For the given values of the input variables, the output responses’ predictions are calculated by the Fit, and displayed in the Output Plot pane. Table shading is used to indicate the output response’s value between the minimum and maximum values contained in the input design matrix. When shading extends into either the Sample Min or Sample Max column, this indicates that the predicted value is beyond the bounds contained in the input matrix. If the shading extends significantly into these regions, it is suggested that you asses the validity of this value based on experience and knowledge of the modeled problem.

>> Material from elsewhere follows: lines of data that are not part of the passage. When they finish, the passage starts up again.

(* Let $\mathcal H$ be a real Hilbert space, let $A_1:\mathcal H\to\mathcal H$ be $\beta$-cocoercive for some $\beta>0$, let $A_2:\mathcal H\to\mathcal H$ be maximally monotone and uniformly continuous, let $B:\mathcal H\rightrightarrows\mathcal H$ be maximally monotone, set $A:=A_1+A_2$, and assume $\operatorname{zer}(A+B)\neq\emptyset$. Let $\theta,\delta\in(0,1)$, $x^k\in\mathcal H$ and $\alpha_{k-1}>0$, and for $j\in\mathbb N$ put $\bar x^k_j:=J_{\alpha_{k-1}\theta^jB}(x^k-\alpha_{k-1}\theta^jAx^k)$. Then there exists $j\in\mathbb N$ (hence a smallest one) such that $$\alpha_{k-1}\theta^j\langle A_2x^k-A_2\bar x^k_j,\,x^k-\bar x^k_j\rangle\le\delta\|x^k-\bar x^k_j\|^2,$$ i.e., the backtracking inequality holds after finitely many steps.
   Context: $\langle\cdot,\cdot\rangle$ and $\|\cdot\|$ are the inner product and norm of $\mathcal H$; $\mathbb N=\{0,1,2,\dots\}$. $A_1$ is $\beta$-cocoercive means $\langle A_1x-A_1y,x-y\rangle\ge\beta\|A_1x-A_1y\|^2$ for all $x,y\in\mathcal H$. $\operatorname{zer}(A+B):=\{x\in\mathcal H: 0\in Ax+Bx\}$. For $\alpha>0$, $J_{\alpha B}:=(I+\alpha B)^{-1}$ is the resolvent of $B$ (single-valued with full domain). *)

theory Defs
  imports "HOL-Analysis.Analysis"
begin

text \<open>Set-valued operators on a real Hilbert space are modelled as functions
  'a \<Rightarrow> 'a set (the image of x is B x; the graph is {(x,u). u \<in> B x}).\<close>

definition monotone_op :: "('a::real_inner \<Rightarrow> 'a set) \<Rightarrow> bool" where
  "monotone_op B \<longleftrightarrow> (\<forall>x y u v. u \<in> B x \<longrightarrow> v \<in> B y \<longrightarrow> inner (u - v) (x - y) \<ge> 0)"

definition maximal_monotone :: "('a::real_inner \<Rightarrow> 'a set) \<Rightarrow> bool" where
  "maximal_monotone B \<longleftrightarrow> monotone_op B \<and>
     (\<forall>C. monotone_op C \<longrightarrow> (\<forall>x. B x \<subseteq> C x) \<longrightarrow> C = B)"

definition cocoercive :: "real \<Rightarrow> ('a::real_inner \<Rightarrow> 'a) \<Rightarrow> bool" where
  "cocoercive \<beta> T \<longleftrightarrow> (\<forall>x y. inner (T x - T y) (x - y) \<ge> \<beta> * (norm (T x - T y))\<^sup>2)"

definition zer :: "('a::real_vector \<Rightarrow> 'a) \<Rightarrow> ('a \<Rightarrow> 'a set) \<Rightarrow> 'a set" where
  "zer A B = {x. 0 \<in> (\<lambda>u. A x + u) ` B x}"

text \<open>Resolvent J_{\<alpha>B} = (I + \<alpha>B)^{-1}: J y is the (unique, for maximally monotone B
  and \<alpha> > 0) point x with y \<in> x + \<alpha> B x.\<close>
definition resolvent :: "real \<Rightarrow> ('a::real_vector \<Rightarrow> 'a set) \<Rightarrow> 'a \<Rightarrow> 'a" where
  "resolvent \<alpha> B y = (THE x. y \<in> (\<lambda>u. x + \<alpha> *\<^sub>R u) ` B x)"

end

theory Submission
  imports Defs
begin

(* If the inequality failed for every j, the trial points x_j := J_{g_j B}(x - g_j A x) with
   g_j := alpha theta^j -> 0 would satisfy delta |x - x_j| < g_j |A2 x - A2 x_j| (Cauchy-Schwarz).
   A uniformly continuous map grows at most affinely, so this forces x_j -> x, and then
   (x - x_j) / g_j -> 0 by continuity of A2. Since (x - x_j) / g_j - A x lies in B x_j and the
   graph of a maximally monotone operator is sequentially closed, -A x is in B x; hence x_0 = x,
   for which the inequality holds trivially.

   Resolvents are defined everywhere by Minty's theorem, which follows from a minimization
   argument: on the convex hull of the lifted graph {(y, v, <y,v>) | v in M y}, monotonicity
   gives r >= <a,b>, so the energy r + |(a - b)/2|^2 is nonnegative there; along a minimizing
   sequence (a - b)/2 is Cauchy by the parallelogram law, and its limit w satisfies -w in M w. *)

lemma monotone_opD:
  "monotone_op B \<Longrightarrow> u \<in> B x \<Longrightarrow> v \<in> B y \<Longrightarrow> 0 \<le> inner (u - v) (x - y)"
  by (simp add: monotone_op_def)

lemma maximal_monotone_iff:
  fixes B :: "'a::real_inner \<Rightarrow> 'a set"
  shows "maximal_monotone B \<longleftrightarrow> monotone_op B \<and>
    (\<forall>x u. (\<forall>y v. v \<in> B y \<longrightarrow> 0 \<le> inner (u - v) (x - y)) \<longrightarrow> u \<in> B x)"
    (is "_ \<longleftrightarrow> _ \<and> ?closed")
proof
  assume max: "maximal_monotone B"
  then have mono: "monotone_op B" by (simp add: maximal_monotone_def)
  have "u \<in> B x" if rel: "\<forall>y v. v \<in> B y \<longrightarrow> 0 \<le> inner (u - v) (x - y)" for x u
  proof -
    define C where "C = B(x := insert u (B x))"
    have graph_C: "v \<in> C y \<longleftrightarrow> v \<in> B y \<or> (y = x \<and> v = u)" for y v
      by (auto simp: C_def)
    have "inner (v - u) (y - x) = inner (u - v) (x - y)" for y v
      by (metis inner_minus_left inner_minus_right minus_diff_eq)
    then have "monotone_op C"
      using rel mono by (auto simp: monotone_op_def graph_C)
    moreover have "\<forall>y. B y \<subseteq> C y" by (auto simp: graph_C)
    ultimately have "C = B" using max by (simp add: maximal_monotone_def)
    then show ?thesis by (metis graph_C)
  qed
  with mono show "monotone_op B \<and> ?closed" by blast
next
  assume "monotone_op B \<and> ?closed"
  then have mono: "monotone_op B" and closed: ?closed by auto
  show "maximal_monotone B"
    unfolding maximal_monotone_def
  proof (intro conjI allI impI mono)
    fix C assume "monotone_op C" and sub: "\<forall>x. B x \<subseteq> C x"
    then have "C x \<subseteq> B x" for x
      using closed unfolding monotone_op_def by blast
    with sub show "C = B" by (intro ext equalityI) auto
  qed
qed

lemma maximal_monotone_imp_monotone_op: "maximal_monotone B \<Longrightarrow> monotone_op B"
  by (simp add: maximal_monotone_def)

lemma maximal_monotone_memI:
  fixes B :: "'a::real_inner \<Rightarrow> 'a set"
  assumes "maximal_monotone B" and "\<And>y v. v \<in> B y \<Longrightarrow> 0 \<le> inner (u - v) (x - y)"
  shows "u \<in> B x"
  using assms by (simp add: maximal_monotone_iff)

lemma maximal_monotone_closed_graph:
  fixes B :: "'a::real_inner \<Rightarrow> 'a set"
  assumes max: "maximal_monotone B" and graph: "\<And>n. u n \<in> B (x n)"
    and "x \<longlonglongrightarrow> x0" and "u \<longlonglongrightarrow> u0"
  shows "u0 \<in> B x0"
proof (rule maximal_monotone_memI[OF max])
  fix y v assume "v \<in> B y"
  then have "\<forall>n. 0 \<le> inner (u n - v) (x n - y)"
    using max graph by (blast intro: monotone_opD maximal_monotone_imp_monotone_op)
  moreover have "(\<lambda>n. inner (u n - v) (x n - y)) \<longlonglongrightarrow> inner (u0 - v) (x0 - y)"
    by (intro tendsto_intros assms)
  ultimately show "0 \<le> inner (u0 - v) (x0 - y)"
    by (blast intro: LIMSEQ_le_const)
qed

lemma maximal_monotone_translate_scale:
  fixes B :: "'a::real_inner \<Rightarrow> 'a set"
  assumes max: "maximal_monotone B" and "0 < l"
  shows "maximal_monotone (\<lambda>z. (*\<^sub>R) l ` B (z + y))"
  unfolding maximal_monotone_iff
proof (intro conjI allI impI)
  show "monotone_op (\<lambda>z. (*\<^sub>R) l ` B (z + y))"
    unfolding monotone_op_def
  proof clarify
    fix x1 x2 u1 u2 assume "u1 \<in> B (x1 + y)" "u2 \<in> B (x2 + y)"
    then have "0 \<le> inner (u1 - u2) ((x1 + y) - (x2 + y))"
      using max by (blast intro: monotone_opD maximal_monotone_imp_monotone_op)
    then show "0 \<le> inner (l *\<^sub>R u1 - l *\<^sub>R u2) (x1 - x2)"
      using \<open>0 < l\<close> by (simp add: scaleR_diff_right[symmetric])
  qed
next
  fix x w assume rel: "\<forall>z v. v \<in> (*\<^sub>R) l ` B (z + y) \<longrightarrow> 0 \<le> inner (w - v) (x - z)"
  have "(1 / l) *\<^sub>R w \<in> B (x + y)"
  proof (rule maximal_monotone_memI[OF max])
    fix z v assume "v \<in> B z"
    then have "0 \<le> inner (w - l *\<^sub>R v) (x - (z - y))"
      using rel by force
    moreover have "inner ((1 / l) *\<^sub>R w - v) (x + y - z) = inner (w - l *\<^sub>R v) (x - (z - y)) / l"
      using \<open>0 < l\<close> by (simp add: inner_diff_left inner_diff_right field_simps)
    ultimately show "0 \<le> inner ((1 / l) *\<^sub>R w - v) (x + y - z)"
      using \<open>0 < l\<close> by simp
  qed
  then show "w \<in> (*\<^sub>R) l ` B (x + y)"
    using \<open>0 < l\<close> by (auto intro!: image_eqI[of _ _ "(1 / l) *\<^sub>R w"])
qed

definition quadratic_energy :: "'a::real_normed_vector \<times> real \<Rightarrow> real" where
  "quadratic_energy p = snd p + (norm (fst p))\<^sup>2"

lemma quadratic_energy_midpoint:
  fixes p q :: "'a::real_inner \<times> real"
  shows "quadratic_energy ((1 / 2) *\<^sub>R p + (1 / 2) *\<^sub>R q) =
    (quadratic_energy p + quadratic_energy q) / 2 - (norm (fst p - fst q))\<^sup>2 / 4"
proof -
  have "(norm ((1 / 2) *\<^sub>R (fst p + fst q)))\<^sup>2 =
      ((norm (fst p))\<^sup>2 + (norm (fst q))\<^sup>2) / 2 - (norm (fst p - fst q))\<^sup>2 / 4"
    unfolding power2_norm_eq_inner
    by (simp add: inner_add_left inner_add_right inner_diff_left inner_diff_right inner_commute
        field_simps)
  then show ?thesis
    by (simp add: quadratic_energy_def scaleR_right_distrib field_simps)
qed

The Quality column is provided as a measure to assess both the accuracy and trust in the Fit at a specific point in the design space. Both global and local metrics are combined to create a metric that runs between 0 and an Upper Bound limited by the Fit’s R^2 value. The quality will be highest at points inside the convex hull formed around the Fit’s input points, where the predictive model has been trained to explain variance in the data. The quality metric decreases proportional to the distance outside the convex hull as the predictions at these points becomes less reliable, partially due to the values increasing based on an extrapolation of the data.
Tip: In a 2D trade-off the metrics shown in the Quality column can be plotted alongside the output response curve by selecting Fit Quality from the menu that displays when you click (located in the Output Plot pane).
Configure the Trade Off tab's display settings by clicking (located in the top, right corner of the work area). For more information about these settings, refer to Trade-Off Tab Settings.

Trade-Off Tab Settings

Settings to configure the results displayed in the Trade-Off post processing tab.

Access settings from the menu that displays when you click (located in the Output Plot pane).
Fit
Display the predicated curve (2D plot) or surface (3D plot) of the Fit.
Fit Quality
Plot the estimated quality (value shown in the Quality column) alongside the output response curve.
Input Matrix
Display the scatter points of the Input matrix.
Testing Matrix
Display the scatter points of the Testing matrix.
# samples
Change the number of discretized points used when drawing the trade-off (2D plot) or surface (3D plot).
Note: Increasing this number will result in a smoother representation, which could be at the cost of interface responsiveness.
Discrete Surface Contour
Display a discrete color profile of the surface. Disable this checkbox to display a blended color profile of the surface (3D plot).
Mesh lines
Display a visual projection of the samples' mesh grid lines onto the surface (3D plot).